"""

(* Let $(\mathfrak g,D)$ be a difference Lie algebra. Set $C^1(\mathfrak g,D)=\mathrm{Hom}(\mathfrak g,\mathfrak g)$ and $C^n(\mathfrak g,D)=\mathrm{Hom}(\wedge^n\mathfrak g,\mathfrak g)\oplus\mathrm{Hom}(\wedge^{n-1}\mathfrak g,\mathfrak g)$ for $n\ge2$, and define $\bar\delta:C^n(\mathfrak g,D)\to C^{n+1}(\mathfrak g,D)$ by $\bar\delta(f,\theta)=(d^{CE}_{\mathrm{ad}}f,\ d^{CE}_{\mathrm{ad}_D}\theta+T(f))$ (for $n=1$, $\bar\delta(f)=(d^{CE}_{\mathrm{ad}}f,T(f))$). Then $\bar\delta\circ\bar\delta=0$.
   Context: A difference Lie algebra $(\mathfrak g,D)$ is a Lie algebra $\mathfrak g$ with a linear map $D:\mathfrak g\to\mathfrak g$ such that $D[x,y]=[x,D(y)]-[y,D(x)]+[D(x),D(y)]$ for all $x,y$. $d^{CE}_{\mathrm{ad}}$ is the Chevalley–Eilenberg differential of $\mathfrak g$ with coefficients in the adjoint representation, and $d^{CE}_{\mathrm{ad}_D}$ the one with coefficients in the representation $\mathrm{ad}_D(x)u=[x,u]+[D(x),u]$. For $f\in\mathrm{Hom}(\wedge^n\mathfrak g,\mathfrak g)$, $T(f)\in\mathrm{Hom}(\wedge^n\mathfrak g,\mathfrak g)$ is $T(f)(x_1,\dots,x_n)=(-1)^n\big(\sum_{k=1}^n\sum_{1\le i_1<\cdots<i_k\le n}f(y_1,\dots,y_n)-D(f(x_1,\dots,x_n))\big)$, where $y_j=D(x_j)$ if $j\in\{i_1,\dots,i_k\}$ and $y_j=x_j$ otherwise. *)

theory Defs
  imports Main "HOL.Vector_Spaces"
begin

definition lie_algebra :: "('k::field \<Rightarrow> 'g::ab_group_add \<Rightarrow> 'g) \<Rightarrow> ('g \<Rightarrow> 'g \<Rightarrow> 'g) \<Rightarrow> bool" where
  "lie_algebra scale br \<longleftrightarrow>
     vector_space scale \<and>
     (\<forall>x. Vector_Spaces.linear scale scale (br x)) \<and>
     (\<forall>y. Vector_Spaces.linear scale scale (\<lambda>x. br x y)) \<and>
     (\<forall>x. br x x = 0) \<and>
     (\<forall>x y z. br x (br y z) + br y (br z x) + br z (br x y) = 0)"

definition difference_lie_algebra ::
  "('k::field \<Rightarrow> 'g::ab_group_add \<Rightarrow> 'g) \<Rightarrow> ('g \<Rightarrow> 'g \<Rightarrow> 'g) \<Rightarrow> ('g \<Rightarrow> 'g) \<Rightarrow> bool" where
  "difference_lie_algebra scale br D \<longleftrightarrow>
     lie_algebra scale br \<and> Vector_Spaces.linear scale scale D \<and>
     (\<forall>x y. D (br x y) = br x (D y) - br y (D x) + br (D x) (D y))"

text \<open>n-cochains: elements of Hom(wedge^n g, g), represented as functions on lists,
 only their values on lists of length n being relevant: alternating n-linear maps.\<close>

definition alt_multilinear :: "('k::field \<Rightarrow> 'g::ab_group_add \<Rightarrow> 'g) \<Rightarrow> nat \<Rightarrow> ('g list \<Rightarrow> 'g) \<Rightarrow> bool" where
  "alt_multilinear scale n f \<longleftrightarrow>
     (\<forall>xs i. length xs = n \<and> i < n \<longrightarrow> Vector_Spaces.linear scale scale (\<lambda>a. f (xs[i := a]))) \<and>
     (\<forall>xs i j. length xs = n \<and> i < j \<and> j < n \<and> xs ! i = xs ! j \<longrightarrow> f xs = 0)"

definition del_nth :: "nat \<Rightarrow> 'a list \<Rightarrow> 'a list" where
  "del_nth i xs = take i xs @ drop (Suc i) xs"

text \<open>Chevalley--Eilenberg differential with coefficients in a representation rho
 (indices 0-based, so the usual signs (-1)^(i+1), (-1)^(i+j) become (-1)^i, (-1)^(i+j)).\<close>

definition ce_diff :: "('k::field \<Rightarrow> 'g::ab_group_add \<Rightarrow> 'g) \<Rightarrow> ('g \<Rightarrow> 'g \<Rightarrow> 'g) \<Rightarrow> ('g \<Rightarrow> 'g \<Rightarrow> 'g)
    \<Rightarrow> ('g list \<Rightarrow> 'g) \<Rightarrow> 'g list \<Rightarrow> 'g" where
  "ce_diff scale br rho f xs =
     (\<Sum>i<length xs. scale ((-1) ^ i) (rho (xs ! i) (f (del_nth i xs))))
   + (\<Sum>i<length xs. \<Sum>j\<in>{Suc i..<length xs}.
        scale ((-1) ^ (i + j)) (f (br (xs ! i) (xs ! j) # del_nth i (del_nth j xs))))"

definition ad :: "('g \<Rightarrow> 'g \<Rightarrow> 'g) \<Rightarrow> 'g \<Rightarrow> 'g \<Rightarrow> 'g" where
  "ad br x u = br x u"

definition ad_D :: "('g \<Rightarrow> 'g \<Rightarrow> 'g) \<Rightarrow> ('g \<Rightarrow> 'g) \<Rightarrow> 'g \<Rightarrow> 'g \<Rightarrow> 'g::ab_group_add" where
  "ad_D br D x u = br x u + br (D x) u"

definition apply_D_at :: "('g \<Rightarrow> 'g) \<Rightarrow> nat set \<Rightarrow> 'g list \<Rightarrow> 'g list" where
  "apply_D_at D S xs = map (\<lambda>i. if i \<in> S then D (xs ! i) else xs ! i) [0..<length xs]"

definition T_op :: "('k::field \<Rightarrow> 'g::ab_group_add \<Rightarrow> 'g) \<Rightarrow> ('g \<Rightarrow> 'g) \<Rightarrow> ('g list \<Rightarrow> 'g) \<Rightarrow> 'g list \<Rightarrow> 'g" where
  "T_op scale D f xs = scale ((-1) ^ length xs)
      ((\<Sum>S\<in>{S. S \<subseteq> {..<length xs} \<and> S \<noteq> {}}. f (apply_D_at D S xs)) - D (f xs))"

definition delta_bar :: "('k::field \<Rightarrow> 'g::ab_group_add \<Rightarrow> 'g) \<Rightarrow> ('g \<Rightarrow> 'g \<Rightarrow> 'g) \<Rightarrow> ('g \<Rightarrow> 'g)
    \<Rightarrow> ('g list \<Rightarrow> 'g) \<times> ('g list \<Rightarrow> 'g) \<Rightarrow> ('g list \<Rightarrow> 'g) \<times> ('g list \<Rightarrow> 'g)" where
  "delta_bar scale br D c =
     (ce_diff scale br (ad br) (fst c),
      \<lambda>xs. ce_diff scale br (ad_D br D) (snd c) xs + T_op scale D (fst c) xs)"

definition delta_bar1 :: "('k::field \<Rightarrow> 'g::ab_group_add \<Rightarrow> 'g) \<Rightarrow> ('g \<Rightarrow> 'g \<Rightarrow> 'g) \<Rightarrow> ('g \<Rightarrow> 'g)
    \<Rightarrow> ('g list \<Rightarrow> 'g) \<Rightarrow> ('g list \<Rightarrow> 'g) \<times> ('g list \<Rightarrow> 'g)" where
  "delta_bar1 scale br D f = (ce_diff scale br (ad br) f, T_op scale D f)"

end

theory Submission
  imports Defs
begin

text \<open>
  Write \<open>\<phi> = id + D\<close>. The identity defining a difference Lie algebra says exactly that \<open>\<phi>\<close>
  is a Lie algebra endomorphism, and \<open>ad\<^sub>D x = ad (\<phi> x)\<close>. Expanding by multiadditivity,
  \<open>T f = (-1)\<^sup>n (f \<circ> (\<phi>, \<dots>, \<phi>) - \<phi> \<circ> f)\<close>. Both precomposition with the homomorphism \<open>\<phi>\<close>
  and postcomposition with \<open>\<phi>\<close> intertwine \<open>d\<^sub>a\<^sub>d\<close> with \<open>d\<^sub>a\<^sub>d\<^sub>D\<close>, while the sign of \<open>T\<close>
  alternates with the degree; hence \<open>d\<^sub>a\<^sub>d\<^sub>D T + T d\<^sub>a\<^sub>d = 0\<close>. Together with \<open>d \<circ> d = 0\<close>
  for every representation this gives \<open>\<delta> \<circ> \<delta> = 0\<close>.

  The identity \<open>d \<circ> d = 0\<close> is proved for the differential defined recursively by Cartan's
  formula, by induction from \<open>[L\<^sub>x, d] = 0\<close>, itself a consequence of \<open>[L\<^sub>x, L\<^sub>y] = L\<^bsub>[x,y]\<^esub>\<close>;
  on multiadditive alternating cochains this differential agrees with the explicit formula.
\<close>

section \<open>Multiadditive and alternating functions of lists\<close>

definition multiadditive :: "('a::ab_group_add list \<Rightarrow> 'b::ab_group_add) \<Rightarrow> bool" where
  "multiadditive f \<longleftrightarrow> (\<forall>xs i. i < length xs \<longrightarrow> additive (\<lambda>a. f (xs[i := a])))"

definition alternating :: "('a list \<Rightarrow> 'b::zero) \<Rightarrow> bool" where
  "alternating f \<longleftrightarrow> (\<forall>xs i. Suc i < length xs \<longrightarrow> xs ! i = xs ! Suc i \<longrightarrow> f xs = 0)"

lemma multiadditiveD: "multiadditive f \<Longrightarrow> i < length xs \<Longrightarrow> additive (\<lambda>a. f (xs[i := a]))"
  unfolding multiadditive_def by blast

lemma multiadditive_update_add:
  "multiadditive f \<Longrightarrow> i < length xs \<Longrightarrow> f (xs[i := a + b]) = f (xs[i := a]) + f (xs[i := b])"
  using additive.add[OF multiadditiveD] by blast

lemma multiadditive_update_diff:
  "multiadditive f \<Longrightarrow> i < length xs \<Longrightarrow> f (xs[i := a - b]) = f (xs[i := a]) - f (xs[i := b])"
  using additive.diff[OF multiadditiveD] by blast

lemma multiadditive_update_minus:
  "multiadditive f \<Longrightarrow> i < length xs \<Longrightarrow> f (xs[i := - a]) = - f (xs[i := a])"
  using additive.minus[OF multiadditiveD] by blast

lemma multiadditive_update_zero: "multiadditive f \<Longrightarrow> i < length xs \<Longrightarrow> f (xs[i := 0]) = 0"
  using additive.zero[OF multiadditiveD] by blast

lemma multiadditiveI:
  "(\<And>xs i a b. i < length xs \<Longrightarrow> f (xs[i := a + b]) = f (xs[i := a]) + f (xs[i := b]))
   \<Longrightarrow> multiadditive f"
  unfolding multiadditive_def additive_def by blast

lemma alternatingD: "alternating f \<Longrightarrow> Suc i < length xs \<Longrightarrow> xs ! i = xs ! Suc i \<Longrightarrow> f xs = 0"
  unfolding alternating_def by blast

lemma multiadditive_Cons: "multiadditive f \<Longrightarrow> multiadditive (\<lambda>ys. f (x # ys))"
  by (rule multiadditiveI) (metis Suc_less_eq length_Cons list_update_code(3) multiadditive_update_add)

lemma alternating_Cons: "alternating f \<Longrightarrow> alternating (\<lambda>ys. f (x # ys))"
  unfolding alternating_def by (metis Suc_less_eq length_Cons nth_Cons_Suc)

lemma multiadditive_comp:
  "additive h \<Longrightarrow> multiadditive f \<Longrightarrow> multiadditive (\<lambda>xs. h (f xs))"
  by (simp add: multiadditive_update_add multiadditiveI additive.add)

lemma multiadditive_map:
  "additive \<phi> \<Longrightarrow> multiadditive f \<Longrightarrow> multiadditive (\<lambda>xs. f (map \<phi> xs))"
  by (rule multiadditiveI) (simp add: map_update additive.add multiadditive_update_add)

lemma multiadditive_diff:
  "multiadditive f \<Longrightarrow> multiadditive g \<Longrightarrow> multiadditive (\<lambda>xs. f xs - g xs)"
  by (rule multiadditiveI) (simp add: multiadditive_update_add)

lemma alternating_comp: "h 0 = 0 \<Longrightarrow> alternating f \<Longrightarrow> alternating (\<lambda>xs. h (f xs))"
  unfolding alternating_def by simp

lemma alternating_map: "alternating f \<Longrightarrow> alternating (\<lambda>xs. f (map \<phi> xs))"
  unfolding alternating_def by simp

lemma alternating_diff:
  fixes f g :: "'a list \<Rightarrow> 'b::ab_group_add"
  shows "alternating f \<Longrightarrow> alternating g \<Longrightarrow> alternating (\<lambda>xs. f xs - g xs)"
  unfolding alternating_def by simp

lemma alternating_swap:
  assumes "multiadditive f" "alternating f" "Suc i < length xs"
  shows "f (xs[i := b, Suc i := a]) = - f (xs[i := a, Suc i := b])"
proof -
  define g where "g u v = f (xs[i := u, Suc i := v])" for u v
  have g_add_left: "g (u + u') v = g u v + g u' v" for u u' v
    unfolding g_def list_update_swap[of i "Suc i", OF n_not_Suc_n]
    using assms by (simp add: multiadditive_update_add)
  have g_add_right: "g u (v + v') = g u v + g u v'" for u v v'
    unfolding g_def using assms by (simp add: multiadditive_update_add)
  have g_self: "g u u = 0" for u
    unfolding g_def using assms by (auto intro: alternatingD)
  have "0 = g (a + b) (a + b)" by (rule g_self[symmetric])
  also have "\<dots> = g a a + g a b + (g b a + g b b)" by (simp only: g_add_left g_add_right ac_simps)
  also have "\<dots> = g a b + g b a" by (simp add: g_self)
  finally show ?thesis unfolding g_def by (simp add: eq_neg_iff_add_eq_0 add.commute)
qed

lemma alternating_swap_Cons:
  "multiadditive f \<Longrightarrow> alternating f \<Longrightarrow> f (a # b # xs) = - f (b # a # xs)"
  using alternating_swap[of f 0 "b # a # xs" a b] by simp

section \<open>Lie rings and Lie modules\<close>

locale lie_ring =
  fixes br :: "'g::ab_group_add \<Rightarrow> 'g \<Rightarrow> 'g"
  assumes br_add_left: "br (a + b) c = br a c + br b c"
    and br_add_right: "br a (b + c) = br a b + br a c"
    and br_self: "br a a = 0"
    and jacobi: "br x (br y z) + br y (br z x) + br z (br x y) = 0"
begin

lemma additive_br_right: "additive (br a)"
  by (simp add: additive_def br_add_right)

"""

• _WHAT YOU SHOULD DO_: Retype only the lines above between the line with "f (apply_D_at D" and the line with "(ce_diff scale br (ad br) (fst", counting those two lines as well, and keep every character as it is.

• _TASK RESPONSE_:
      ((\<Sum>S\<in>{S. S \<subseteq> {..<length xs} \<and> S \<noteq> {}}. f (apply_D_at D S xs)) - D (f xs))"

definition delta_bar :: "('k::field \<Rightarrow> 'g::ab_group_add \<Rightarrow> 'g) \<Rightarrow> ('g \<Rightarrow> 'g \<Rightarrow> 'g) \<Rightarrow> ('g \<Rightarrow> 'g)
    \<Rightarrow> ('g list \<Rightarrow> 'g) \<times> ('g list \<Rightarrow> 'g) \<Rightarrow> ('g list \<Rightarrow> 'g) \<times> ('g list \<Rightarrow> 'g)" where
  "delta_bar scale br D c =
     (ce_diff scale br (ad br) (fst c),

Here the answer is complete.